The task ▸
Print the line containing "n \<Longrightarrow> \<bar>threshold" and every later line of the records. Keep each one exactly as given, ending with the last.

────────────────────────────────────────

lemma bounded_variation_pairing_le:
  fixes \<psi> h :: "'a::euclidean_space \<Rightarrow> real"
  assumes \<psi>: "integrable lborel \<psi>"
    and V: "\<forall>G. C1_field G \<and> compact (closure {x. G x \<noteq> 0}) \<and> (\<forall>x. norm (G x) \<le> 1)
      \<longrightarrow> (\<integral>x. \<psi> x * divergence G x \<partial>lborel) \<le> V"
    and h: "unit_test_function h" and "z \<noteq> 0"
  shows "(\<integral>x. (\<psi> (x + z) - \<psi> x) * h x \<partial>lborel) \<le> V * norm z"
proof -
  obtain G where G: "C1_field G" "compact (closure {x. G x \<noteq> 0})" "\<And>x. norm (G x) \<le> 1"
    "\<And>x. divergence G x = (- h x - - h (x - z)) / norm z"
    using unit_test_function_divergence_field[OF unit_test_function_uminus[OF h] \<open>z \<noteq> 0\<close>] by blast
  have h_cont: "continuous_on UNIV h" and h_le: "\<And>x. \<bar>h x\<bar> \<le> 1"
    using h by (auto simp: unit_test_function_def C1_function_continuous)
  have [measurable]: "h \<in> borel_measurable borel" by (rule borel_measurable_continuous_onI[OF h_cont])
  have [measurable]: "\<psi> \<in> borel_measurable borel" using borel_measurable_integrable[OF \<psi>] by simp
  have i1: "integrable lborel (\<lambda>x. \<psi> (x + z) * h x)"
    by (rule integrable_mult_bounded[OF integrable_lborel_translate[OF \<psi>] _ h_le]) simp
  have i2: "integrable lborel (\<lambda>x. \<psi> x * h x)"
    by (rule integrable_mult_bounded[OF \<psi> _ h_le]) simp
  have i3: "integrable lborel (\<lambda>x. \<psi> x * h (x - z))"
    by (rule integrable_mult_bounded[OF \<psi> _ h_le]) measurable
  have "(\<integral>x. (\<psi> (x + z) - \<psi> x) * h x \<partial>lborel)
      = (\<integral>x. \<psi> (x + z) * h x \<partial>lborel) - (\<integral>x. \<psi> x * h x \<partial>lborel)"
    using i1 i2 by (simp add: left_diff_distrib)
  also have "(\<integral>x. \<psi> (x + z) * h x \<partial>lborel) = (\<integral>x. \<psi> x * h (x - z) \<partial>lborel)"
    using integral_lborel_translate[of "\<lambda>y. \<psi> y * h (y - z)" z] by simp
  also have "(\<integral>x. \<psi> x * h (x - z) \<partial>lborel) - (\<integral>x. \<psi> x * h x \<partial>lborel)
      = norm z * (\<integral>x. \<psi> x * divergence G x \<partial>lborel)"
    using i2 i3 \<open>z \<noteq> 0\<close> by (simp add: G(4) right_diff_distrib) (simp add: field_simps)
  also have "\<dots> \<le> norm z * V"
    using V G(1-3) by (intro mult_left_mono) auto
  finally show ?thesis by (simp add: mult.commute)
qed

lemma bounded_variation_translate_le:
  fixes \<psi> :: "'a::euclidean_space \<Rightarrow> real"
  assumes "bounded_variation \<psi>"
  obtains C where "0 \<le> C" "\<And>z. (\<integral>x. \<bar>\<psi> (x + z) - \<psi> x\<bar> \<partial>lborel) \<le> C * norm z"
proof -
  obtain V where \<psi>: "integrable lborel \<psi>"
    and V: "\<forall>G. C1_field G \<and> compact (closure {x. G x \<noteq> 0}) \<and> (\<forall>x. norm (G x) \<le> 1)
      \<longrightarrow> (\<integral>x. \<psi> x * divergence G x \<partial>lborel) \<le> V"
    using assms unfolding bounded_variation_def by blast
  have "(\<integral>x. \<bar>\<psi> (x + z) - \<psi> x\<bar> \<partial>lborel) \<le> 5/3 * max V 0 * norm z" for z
  proof (cases "z = 0")
    case False
    have f: "integrable lborel (\<lambda>x. \<psi> (x + z) - \<psi> x)"
      using integrable_lborel_translate[OF \<psi>] \<psi> by simp
    have "3/5 * (\<integral>x. \<bar>\<psi> (x + z) - \<psi> x\<bar> \<partial>lborel) \<le> max V 0 * norm z"
    proof (rule field_le_epsilon)
      fix e :: real assume "e > 0"
      obtain h where h: "unit_test_function h"
        and "3/5 * (\<integral>x. \<bar>\<psi> (x + z) - \<psi> x\<bar> \<partial>lborel) - e \<le> (\<integral>x. (\<psi> (x + z) - \<psi> x) * h x \<partial>lborel)"
        using unit_test_function_L1_approx[OF f \<open>e > 0\<close>] by blast
      moreover have "(\<integral>x. (\<psi> (x + z) - \<psi> x) * h x \<partial>lborel) \<le> V * norm z"
        by (rule bounded_variation_pairing_le[OF \<psi> V h False])
      moreover have "V * norm z \<le> max V 0 * norm z" by (intro mult_right_mono) auto
      ultimately show "3/5 * (\<integral>x. \<bar>\<psi> (x + z) - \<psi> x\<bar> \<partial>lborel) \<le> max V 0 * norm z + e"
        by linarith
    qed
    then show ?thesis by simp
  qed simp
  then show ?thesis by (rule that[rotated]) simp
qed
lemma node_value_out_eq:
  "node_value r out = relu (sampler_bias out +
     (\<Sum>u\<in>{1 + m * n..<out}. sampler_weight (u, out) * node_value r u))"
proof -
  let ?a = "1 + m * n" and ?b = "1 + (m + 1) * n"
  have split: "{?a..<out} = {?a..<?a + n} \<union> {?b..<?b + n}" "?b = ?a + n" "out = ?b + n"
    by (auto simp: out_def)
  have "(\<Sum>u\<in>{?a..<out}. sampler_weight (u, out) * node_value r u)
      = (\<Sum>u\<in>{?a..<?a + n}. node_value r u) - (\<Sum>u\<in>{?b..<?b + n}. node_value r u)"
  proof -
    have "sampler_weight (u, out) = 1" if "u < ?a + n" for u
      using that by (simp add: sampler_weight_def)
    moreover have "sampler_weight (u, out) = -1" if "?b \<le> u" for u
      using that by (simp add: sampler_weight_def)
    ultimately show ?thesis
      unfolding split(1) by (subst sum.union_disjoint) (auto simp: split(2) sum_negf)
  qed
  also have "\<dots> = (\<Sum>j<n. 2 ^ m * relu (r - threshold j))
      - (\<Sum>j<n. relu (2 ^ m * relu (r - threshold j) - 1))"
    unfolding sum_shift_lessThan
    by (intro arg_cong2[where f = minus] sum.cong refl node_value_doubling node_value_cut) auto
  also have "\<dots> = staircase n q (2 ^ m * r)"
    by (simp add: staircase_def ramp_threshold flip: sum_subtractf)
  finally have "(\<Sum>u\<in>{?a..<out}. sampler_weight (u, out) * node_value r u) = staircase n q (2 ^ m * r)" .
  moreover have "0 \<le> staircase n q (2 ^ m * r)" by (simp add: staircase_def ramp_nonneg sum_nonneg)
  moreover have "sampler_bias out = 0" "node_value r out = staircase n q (2 ^ m * r)"
    by (simp_all add: sampler_bias_def node_value_def out_def)
  ultimately show ?thesis by (simp add: relu_eq_self)
qed

lemma node_value_hidden_eq:
  assumes "1 \<le> v" "v < out"
  defines "u \<equiv> if v \<le> n then 0 else v - n"
  shows "node_value r v = relu (sampler_bias v + sampler_weight (u, v) * node_value r u)"
proof -
  define t j where "t = (v - 1) div n" and "j = (v - 1) mod n"
  have v: "v = 1 + t * n + j" and "j < n"
    using assms(1) n_pos by (simp_all add: t_def j_def)
  have "v - 1 < (m + 2) * n" using assms by (simp add: out_def)
  then have "t < m + 2" unfolding t_def by (rule less_mult_imp_div_less)
  then consider "t = 0" | t' where "t = Suc t'" "t' < m" | "t = m + 1"
    by (cases t) force+
  then show ?thesis
  proof cases
    case 1
    then have "u = 0" "sampler_weight (u, v) = 1" "sampler_bias v = - threshold j"
      "node_value r v = relu (r - threshold j)"
      using v \<open>j < n\<close> assms(2) node_value_doubling[of j 0]
      by (simp_all add: u_def sampler_weight_def sampler_bias_def)
    then show ?thesis by (simp add: node_value_def)
  next
    case (2 t')
    have "n < v" "v \<le> (m + 1) * n"
      using v 2 \<open>j < n\<close> layer_le[of j t m] by auto
    then have "u = 1 + t' * n + j" "sampler_weight (u, v) = 2" "sampler_bias v = 0"
      using v 2 assms(2) by (simp_all add: u_def sampler_weight_def sampler_bias_def)
    then show ?thesis
      using v 2 \<open>j < n\<close> node_value_doubling[of j t' r] node_value_doubling[of j t r]
      by (simp add: relu_eq_self relu_nonneg)
  next
    case 3
    have "(m + 1) * n < v" "v \<noteq> out" "n < v"
      using v 3 assms(2) by auto
    then have "u = 1 + m * n + j" "sampler_weight (u, v) = 1" "sampler_bias v = -1"
      using v 3 assms(2) by (simp_all add: u_def sampler_weight_def sampler_bias_def)
    moreover have "node_value r (1 + m * n + j) = 2 ^ m * relu (r - threshold j)"
      using \<open>j < n\<close> by (rule node_value_doubling) simp
    moreover have "node_value r v = relu (2 ^ m * relu (r - threshold j) - 1)"
      unfolding v 3 using \<open>j < n\<close> by (rule node_value_cut)
    ultimately show ?thesis by simp
  qed
qed

lemma fnn_fun_sampler: "fnn_fun sampler r = staircase n q (2 ^ m * r)"
proof -
  have "fnn_val sampler r v = node_value r v" if "v \<le> out" for v
  proof (rule fnn_val_eqI[OF wf_sampler])
    show "node_value r v = r" if "v \<in> fnn_sources sampler" for v
      using that sources_sampler by (simp add: node_value_def)
    show "node_value r v = act sampler v (bias sampler v +
        (\<Sum>u\<in>{u. u < v \<and> (u, v) \<in> edges sampler}. weight sampler (u, v) * node_value r u))"
      if "v \<in> fnn_noninput sampler" for v
    proof (cases "v = out")
      case True
      then show ?thesis using node_value_out_eq[of r] by (simp add: sampler_def in_neighbours)
    next
      case False
      then have "1 \<le> v" "v < out" using that by (auto simp: noninput_sampler)
      then show ?thesis using node_value_hidden_eq[of v r] by (simp add: sampler_def in_neighbours)
    qed
  qed (use that in \<open>simp add: sampler_def\<close>)
  moreover have "fnn_out sampler = out" using sinks_sampler by (simp add: fnn_out_def)
  ultimately have "fnn_fun sampler r = node_value r out" unfolding fnn_fun_def by simp
  then show ?thesis by (simp add: node_value_def out_def)
qed

definition cell :: "nat \<Rightarrow> real set" where
  "cell i = {real i * q / 2 ^ m .. ((real i + 1) * q - 1) / 2 ^ m}"

lemma level_set_eq_cell:
  assumes "i < n"
  shows "{r \<in> {0..1}. fnn_fun sampler r = real i} = cell i"
proof -
  have "cell i \<subseteq> {0..1}" using Suc_mult_q_le_real[OF assms] by (auto simp: cell_def)
  moreover have "fnn_fun sampler r = real i \<longleftrightarrow> r \<in> cell i" if "0 \<le> r" for r
    using staircase_eq_iff[of q "2 ^ m * r" i n] q_ge_1 that assms
    by (simp add: fnn_fun_sampler cell_def field_simps)
  ultimately show ?thesis by auto
qed

lemma measure_cell: "measure lborel (cell i) = (real q - 1) / 2 ^ m"
proof -
  have "real i * q / 2 ^ m \<le> ((real i + 1) * q - 1) / 2 ^ m"
    using q_ge_1 by (simp add: divide_right_mono algebra_simps)
  then have "measure lborel (cell i) = ((real i + 1) * q - 1) / 2 ^ m - real i * q / 2 ^ m"
    by (simp add: cell_def)
  also have "\<dots> = (real q - 1) / 2 ^ m" by (simp add: diff_divide_distrib[symmetric] algebra_simps)
  finally show ?thesis .
qed

lemma measure_level_set:
  "i < n \<Longrightarrow> measure lborel {r \<in> {0..1}. fnn_fun sampler r = real i} = (real q - 1) / 2 ^ m"
  by (simp only: level_set_eq_cell measure_cell)

lemma measure_in_range:
  "measure lborel {r \<in> {0..1}. fnn_fun sampler r \<in> real ` {0..<n}} = real n * (real q - 1) / 2 ^ m"
proof -
  have "{r \<in> {0..1}. fnn_fun sampler r \<in> real ` {0..<n}}
      = (\<Union>i\<in>{0..<n}. {r \<in> {0..1}. fnn_fun sampler r = real i})" by auto
  also have "\<dots> = (\<Union>i\<in>{0..<n}. cell i)" using level_set_eq_cell by simp
  finally have "measure lborel {r \<in> {0..1}. fnn_fun sampler r \<in> real ` {0..<n}}
      = measure lborel (\<Union>i\<in>{0..<n}. cell i)" by simp
  also have "\<dots> = (\<Sum>i\<in>{0..<n}. measure lborel (cell i))"
  proof (rule measure_finite_Union)
    show "disjoint_family_on cell {0..<n}"
    proof (unfold disjoint_family_on_def, intro ballI impI)
      fix i j assume "i \<in> {0..<n}" "j \<in> {0..<n}" "i \<noteq> j"
      then show "cell i \<inter> cell j = {}"
        using level_set_eq_cell[of i, symmetric] level_set_eq_cell[of j, symmetric] by auto
    qed
  qed (auto simp: cell_def emeasure_lborel_Icc_eq)
  finally show ?thesis by (simp add: measure_cell)
qed

lemma measure_cell_le: "(real q - 1) / 2 ^ m \<le> 1 / real n"
proof -
  have "real (n * q) \<le> real (2 ^ m)" using n_mult_q_le by (simp only: of_nat_le_iff)
  then show ?thesis using n_pos by (simp add: field_simps)
qed

lemma measure_cells_ge: "1 - 2 powi (- int k) \<le> real n * (real q - 1) / 2 ^ m"
proof -
  have "real (2 ^ m) < real (n * (q + 1))" using less_n_mult_Suc_q by (simp only: of_nat_less_iff)
  then have upper: "2 ^ m < real n * real q + real n" by (simp add: algebra_simps)
  have "2 * n \<le> 2 ^ (n + 1)" using less_exp[of n] by simp
  then have "real (2 * n) \<le> real (2 ^ (n + 1))" by (simp only: of_nat_le_iff)
  then have "2 * real n \<le> 2 ^ (n + 1)" by simp
  then have "2 ^ m - 2 ^ (n + 1) \<le> real n * (real q - 1)"
    using upper unfolding right_diff_distrib by linarith
  moreover have "(2 :: real) ^ m = 2 ^ (n + 1) * 2 ^ k"
    unfolding m_def power_add[symmetric] by (simp add: ac_simps)
  then have "1 - 2 powi (- int k) = (2 ^ m - 2 ^ (n + 1)) / (2 ^ m :: real)"
    by (simp add: power_int_minus inverse_eq_divide diff_divide_distrib)
  ultimately show ?thesis by (simp add: divide_right_mono)
qed

lemma measure_cell_ge: "(1 - 2 powi (- int k)) / real n \<le> (real q - 1) / 2 ^ m"
  using measure_cells_ge n_pos by (simp add: field_simps)

lemma neg_threshold_eq: "- threshold j = of_int (1 - int ((j + 1) * q)) / 2 ^ m"
  unfolding threshold_def by (simp add: minus_divide_left algebra_simps)

lemma dyadic_neg_threshold: "dyadic (- threshold j)"
  unfolding neg_threshold_eq by (rule dyadic_of_int_div_power)

lemma dyadic_bits_neg_threshold: "j < n \<Longrightarrow> dyadic_bits (- threshold j) \<le> 2 * m + 2"
proof -
  assume "j < n"
  define p where "p = (j + 1) * q"
  have "1 \<le> p" using q_ge_1 by (simp add: p_def)
  then have "1 \<le> int p" by linarith
  moreover have "int p \<le> 2 ^ m"
    using Suc_mult_q_le[OF \<open>j < n\<close>] unfolding p_def by (metis of_nat_le_iff of_nat_numeral of_nat_power)
  moreover have "(0 :: int) < 2 ^ m" by simp
  ultimately have "\<bar>1 - int p\<bar> < 2 ^ m" unfolding abs_less_iff by linarith
  then have "dyadic_bits (of_int (1 - int p) / 2 ^ m) \<le> m + m + 2" by (rule dyadic_bits_le)
  then show ?thesis unfolding neg_threshold_eq p_def by linarith
qed

lemma abs_threshold_le: "j < n \<Longrightarrow> \<bar>threshold j\<bar> \<le> 1"
proof -
  assume "j < n"
  moreover have "1 * 1 \<le> (real j + 1) * q" using q_ge_1 by (intro mult_mono) auto
  ultimately show ?thesis using Suc_mult_q_le_real[of j] by (simp add: threshold_def)
qed

lemma dyadic_sampler_weight: "dyadic (sampler_weight e)"
  using dyadic_of_int[of 1] dyadic_of_int[of "-1"] dyadic_of_int[of 2]
  by (simp add: sampler_weight_def split: prod.splits)

lemma dyadic_bits_sampler_weight: "dyadic_bits (sampler_weight e) \<le> 4"
  using dyadic_bits_of_int_le[of 1 2] dyadic_bits_of_int_le[of "-1" 2] dyadic_bits_of_int_le[of 2 2]
  by (simp add: sampler_weight_def split: prod.splits)

lemma abs_sampler_weight_le: "\<bar>sampler_weight e\<bar> \<le> 2"
  by (simp add: sampler_weight_def split: prod.splits)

────────────────────────────────────────

Answer box ▸
lemma abs_threshold_le: "j < n \<Longrightarrow> \<bar>threshold j\<bar> \<le> 1"
proof -
  assume "j < n"
  moreover have "1 * 1 \<le> (real j + 1) * q" using q_ge_1 by (intro mult_mono) auto
  ultimately show ?thesis using Suc_mult_q_le_real[of j] by (simp add: threshold_def)
qed

lemma dyadic_sampler_weight: "dyadic (sampler_weight e)"
  using dyadic_of_int[of 1] dyadic_of_int[of "-1"] dyadic_of_int[of 2]
  by (simp add: sampler_weight_def split: prod.splits)

lemma dyadic_bits_sampler_weight: "dyadic_bits (sampler_weight e) \<le> 4"
  using dyadic_bits_of_int_le[of 1 2] dyadic_bits_of_int_le[of "-1" 2] dyadic_bits_of_int_le[of 2 2]
  by (simp add: sampler_weight_def split: prod.splits)

lemma abs_sampler_weight_le: "\<bar>sampler_weight e\<bar> \<le> 2"
  by (simp add: sampler_weight_def split: prod.splits)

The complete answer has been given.